Playing Camille's moody romantic interest, Jaden Smith – the only recognizable performer in a cast of non-actors – also entered the picture in a distinctly unusual way. "He had hit Rachelle up over Instagram just to skateboard," says Moselle, who was happy to cast him on one condition. "He can be in this film, but he has to come hang out. This has to feel authentic. It can't feel like an outsider that doesn't talk the way they talk."

When you hear "Jaden Smith," it's easy to think of him as a living Twitter meme: "Chemtrails," he tweeted without context in 2015, just one of many head-scratcher bons mots he's known for. In Skate Kitchen, however, he confidently kick-pushes past previous impressions.

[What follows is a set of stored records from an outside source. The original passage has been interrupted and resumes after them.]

lemma pohozaev_ge:
  assumes "0 < s"
  shows "- (s ^ N * (u s)\<^sup>2 / 2 + (real N - 2) / 2 * (s ^ (N - 1) * (u s * \<bar>u' s\<bar>))) \<le> pohozaev s"
proof -
  have "s ^ N * (- (u s)\<^sup>2 / 2) \<le> s ^ N * energy s"
    unfolding energy_def using assms p_gt_1 by (intro mult_left_mono) auto
  moreover have "- (u s * \<bar>u' s\<bar>) \<le> u s * u' s" using u_pos[OF assms] by (simp add: abs_if)
  then have "(real N - 2) / 2 * (s ^ (N - 1) * (- (u s * \<bar>u' s\<bar>))) \<le> (real N - 2) / 2 * (s ^ (N - 1) * (u s * u' s))"
    using dim assms by (intro mult_left_mono) auto
  ultimately show ?thesis unfolding pohozaev_def by simp
qed

lemma pohozaev_le_scaled:
  assumes s: "0 < s" and X: "0 < X" "X \<le> 2 * s" and M: "u X \<le> M" "s * \<bar>u' X\<bar> \<le> M"
  shows "pohozaev X \<le> 2 ^ N * (real N / 4 * (s ^ (N - 2) * M\<^sup>2) + s ^ N * M powr (p + 1) / (p + 1))"
proof -
  obtain n where N: "N = n + 2" using dim by (metis add.commute le_Suc_ex)
  have U: "0 < u X" using u_pos[OF X(1)] .
  have X_pow: "X ^ k \<le> 2 ^ k * s ^ k" for k
    using power_mono[OF X(2), of k] X(1) by (simp add: power_mult_distrib)
  have "X ^ N * (u' X)\<^sup>2 \<le> 2 ^ N * s ^ N * (u' X)\<^sup>2"
    using X_pow by (intro mult_right_mono) auto
  also have "\<dots> = 2 ^ N * s ^ n * (s * \<bar>u' X\<bar>)\<^sup>2"
    unfolding N by (simp add: power_mult_distrib power_add power2_eq_square)
  also have "\<dots> \<le> 2 ^ N * s ^ n * M\<^sup>2"
    using M s by (intro mult_left_mono power_mono) auto
  finally have kinetic: "X ^ N * (u' X)\<^sup>2 \<le> 2 ^ N * s ^ n * M\<^sup>2" .
  have "u X powr (p + 1) \<le> M powr (p + 1)"
    using U M p_gt_1 by (intro powr_mono2) auto
  then have potential: "X ^ N * u X powr (p + 1) \<le> 2 ^ N * s ^ N * M powr (p + 1)"
    using X_pow X(1) s by (intro mult_mono) auto
  have "X ^ (N - 1) * (u X * \<bar>u' X\<bar>) \<le> 2 ^ (n + 1) * s ^ (n + 1) * (u X * \<bar>u' X\<bar>)"
    using X_pow[of "n + 1"] U unfolding N by (intro mult_right_mono) auto
  also have "\<dots> = 2 ^ (n + 1) * s ^ n * (u X * (s * \<bar>u' X\<bar>))" by simp
  also have "\<dots> \<le> 2 ^ (n + 1) * s ^ n * (M * M)"
    using U M s by (intro mult_left_mono mult_mono) auto
  finally have mixed: "X ^ (N - 1) * (u X * \<bar>u' X\<bar>) \<le> 2 ^ (n + 1) * s ^ n * M\<^sup>2"
    by (simp add: power2_eq_square)
  have "pohozaev X \<le> X ^ N * (u' X)\<^sup>2 / 2 + X ^ N * u X powr (p + 1) / (p + 1)
      + real n / 2 * (X ^ (N - 1) * (u X * \<bar>u' X\<bar>))"
    using pohozaev_le[OF X(1)] unfolding N by (simp add: algebra_simps add_divide_distrib)
  also have "\<dots> \<le> 2 ^ N * s ^ n * M\<^sup>2 / 2 + 2 ^ N * s ^ N * M powr (p + 1) / (p + 1)
      + real n / 2 * (2 ^ (n + 1) * s ^ n * M\<^sup>2)"
    using kinetic potential mixed p_gt_1
    by (intro add_mono divide_right_mono mult_left_mono) auto
  also have "\<dots> = 2 ^ N * (real N / 4 * (s ^ (N - 2) * M\<^sup>2) + s ^ N * M powr (p + 1) / (p + 1))"
    unfolding N by (simp add: field_simps)
  finally show ?thesis .
qed

lemma eventually_pohozaev_small_at_0:
  assumes c: "0 < c" and growth: "\<forall>\<^sub>F s in at_right 0. u s \<le> c * s powr - theta p"
  shows "\<exists>K. \<forall>\<^sub>F s in at_right 0.
           \<exists>X. s < X \<and> X < 2 * s \<and> pohozaev X \<le> K * s powr (real N - 2 - 2 * theta p)"
proof -
  define e where "e = real N - 2 - 2 * theta p"
  have theta_pos: "0 < theta p" using p_gt_1 by (simp add: theta_def)
  obtain b where b: "0 < b" and ub: "\<And>y. 0 < y \<Longrightarrow> y < b \<Longrightarrow> u y \<le> c * y powr - theta p"
    using growth unfolding eventually_at_right_field by auto
  define K where "K = 2 ^ N * (real N / 4 * c\<^sup>2 + c powr (p + 1) / (p + 1))"
  have small: "\<exists>X. s < X \<and> X < 2 * s \<and> pohozaev X \<le> K * s powr e"
    if s: "0 < s" "s < b / 2" for s
  proof -
    define M where "M = c * s powr - theta p"
    have u_le_M: "u y \<le> M" if "s \<le> y" "y \<le> 2 * s" for y
    proof -
      have "u y \<le> c * y powr - theta p" using ub that s by simp
      also have "\<dots> \<le> M"
        unfolding M_def using that s c theta_pos by (intro mult_left_mono powr_mono2') auto
      finally show ?thesis .
    qed
    obtain X where X: "s < X" "X < 2 * s" and slope: "(2 * s - s) * \<bar>u' X\<bar> \<le> M"
      using mean_value_abs_le[of s "2 * s" u u' M] s u_le_M u_pos u_deriv
      by (auto simp: less_imp_le)
    have "s ^ (N - 2) * M\<^sup>2 = c\<^sup>2 * s powr e"
      unfolding M_def e_def using s(1) dim by (rule power_mult_scaled_square)
    moreover have "s ^ N * M powr (p + 1) = c powr (p + 1) * s powr e"
      unfolding M_def e_def using s(1) c p_gt_1 by (rule power_mult_scaled_powr)
    moreover have "pohozaev X \<le> 2 ^ N * (real N / 4 * (s ^ (N - 2) * M\<^sup>2) + s ^ N * M powr (p + 1) / (p + 1))"
      using pohozaev_le_scaled[of s X M] s X slope u_le_M[of X] by auto
    ultimately have "pohozaev X \<le> K * s powr e"
      unfolding K_def by (simp add: algebra_simps)
    then show ?thesis using X by blast
  qed
  have "\<forall>\<^sub>F s in at_right 0. 0 < s \<and> s < b / 2"
    using b by (auto simp: eventually_at_right_field intro!: exI[of _ "b / 2"])
  then have "\<forall>\<^sub>F s in at_right 0. \<exists>X. s < X \<and> X < 2 * s \<and> pohozaev X \<le> K * s powr e"
    by (rule eventually_mono) (use small in blast)
  then show ?thesis unfolding e_def by blast
qed

lemma pohozaev_nonpos:
  assumes supercritical: "real N / (p + 1) \<le> (real N - 2) / 2"
    and exponent: "2 * theta p < real N - 2"
    and "0 < c" and growth: "\<forall>\<^sub>F s in at_right 0. u s \<le> c * s powr - theta p"
    and t: "0 < t"
  shows "pohozaev t \<le> 0"
proof -
  define e where "e = real N - 2 - 2 * theta p"
  obtain K where small: "\<forall>\<^sub>F s in at_right 0. \<exists>X. s < X \<and> X < 2 * s \<and> pohozaev X \<le> K * s powr e"
    using eventually_pohozaev_small_at_0[OF \<open>0 < c\<close> growth] unfolding e_def by blast
  have "\<forall>\<^sub>F s in at_right 0. 0 < s \<and> s < t / 2"
    using t by (auto simp: eventually_at_right_field intro!: exI[of _ "t / 2"])
  with small have "\<forall>\<^sub>F s in at_right 0. pohozaev t \<le> K * s powr e"
  proof (rule eventually_elim2)
    fix s assume "\<exists>X. s < X \<and> X < 2 * s \<and> pohozaev X \<le> K * s powr e" and s: "0 < s \<and> s < t / 2"
    then obtain X where "s < X" "X < 2 * s" "pohozaev X \<le> K * s powr e" by blast
    with s show "pohozaev t \<le> K * s powr e"
      using pohozaev_strict_antimono[OF supercritical, of X t] by linarith
  qed
  moreover have "((\<lambda>s. K * s powr e) \<longlongrightarrow> K * 0) (at_right 0)"
    using exponent unfolding e_def
    by (intro tendsto_intros tendsto_zero_powrI) (auto intro: tendsto_ident_at eventually_at_rightI[of 0 1])
  ultimately show ?thesis
    by (intro tendsto_le[OF trivial_limit_at_right_real]) auto
qed

definition flux :: "real \<Rightarrow> real" where
  "flux t = t ^ (N - 1) * u' t"

lemma flux_has_real_derivative:
  assumes t: "0 < t"
  shows "(flux has_real_derivative t ^ (N - 1) * (u t - u t powr p)) (at t)"
proof -
  obtain n where N: "N = n + 2" using dim by (metis add.commute le_Suc_ex)
  have flux_eq: "flux = (\<lambda>t. t ^ (n + 1) * u' t)" unfolding flux_def[abs_def] by (simp add: N)
  have "(flux has_real_derivative t ^ (n + 1) * u'' t + real (n + 1) * t ^ (n + 1 - Suc 0) * u' t) (at t)"
    unfolding flux_eq by (rule DERIV_mult'[OF DERIV_pow u'_deriv[OF t]])
  also have "t ^ (n + 1) * u'' t + real (n + 1) * t ^ (n + 1 - Suc 0) * u' t = t ^ n * (t * u'' t + (real N - 1) * u' t)"
    unfolding N by (simp add: algebra_simps)
  also have "\<dots> = t ^ (N - 1) * (u t - u t powr p)"
    unfolding radial_eq_mult[OF t] N by (simp add: algebra_simps)
  finally show ?thesis .
qed

context
  assumes decay: "(u \<longlongrightarrow> 0) at_top"
begin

"He cruised around with us for two weeks," Moselle says, adding that during filming, Jaden was in the process of getting better at skating. "The girls pushed him. He skateboarded with us the first three days, but after the third day, we're like: How the hell are you landing a heelflip right now?"

Which is ideal, as building a community and helping others get better is always what the original Skate Kitchen has always been about, Moselle says. "This collective that they have, it's just to empower other women to skateboard."

And they do. In one key sequence, Skate Kitchen members tear up a sidewalk, causing a little girl passing by to turn her head in awe. The scene isn't showy – in fact, none of the film is, despite painting New York as the coolest place on Earth. "I didn't want to nail it on the head. You don't have to be like: 'Girls can skateboard, everybody!'" Moselle says. "You just have to see them do it and want to be like them."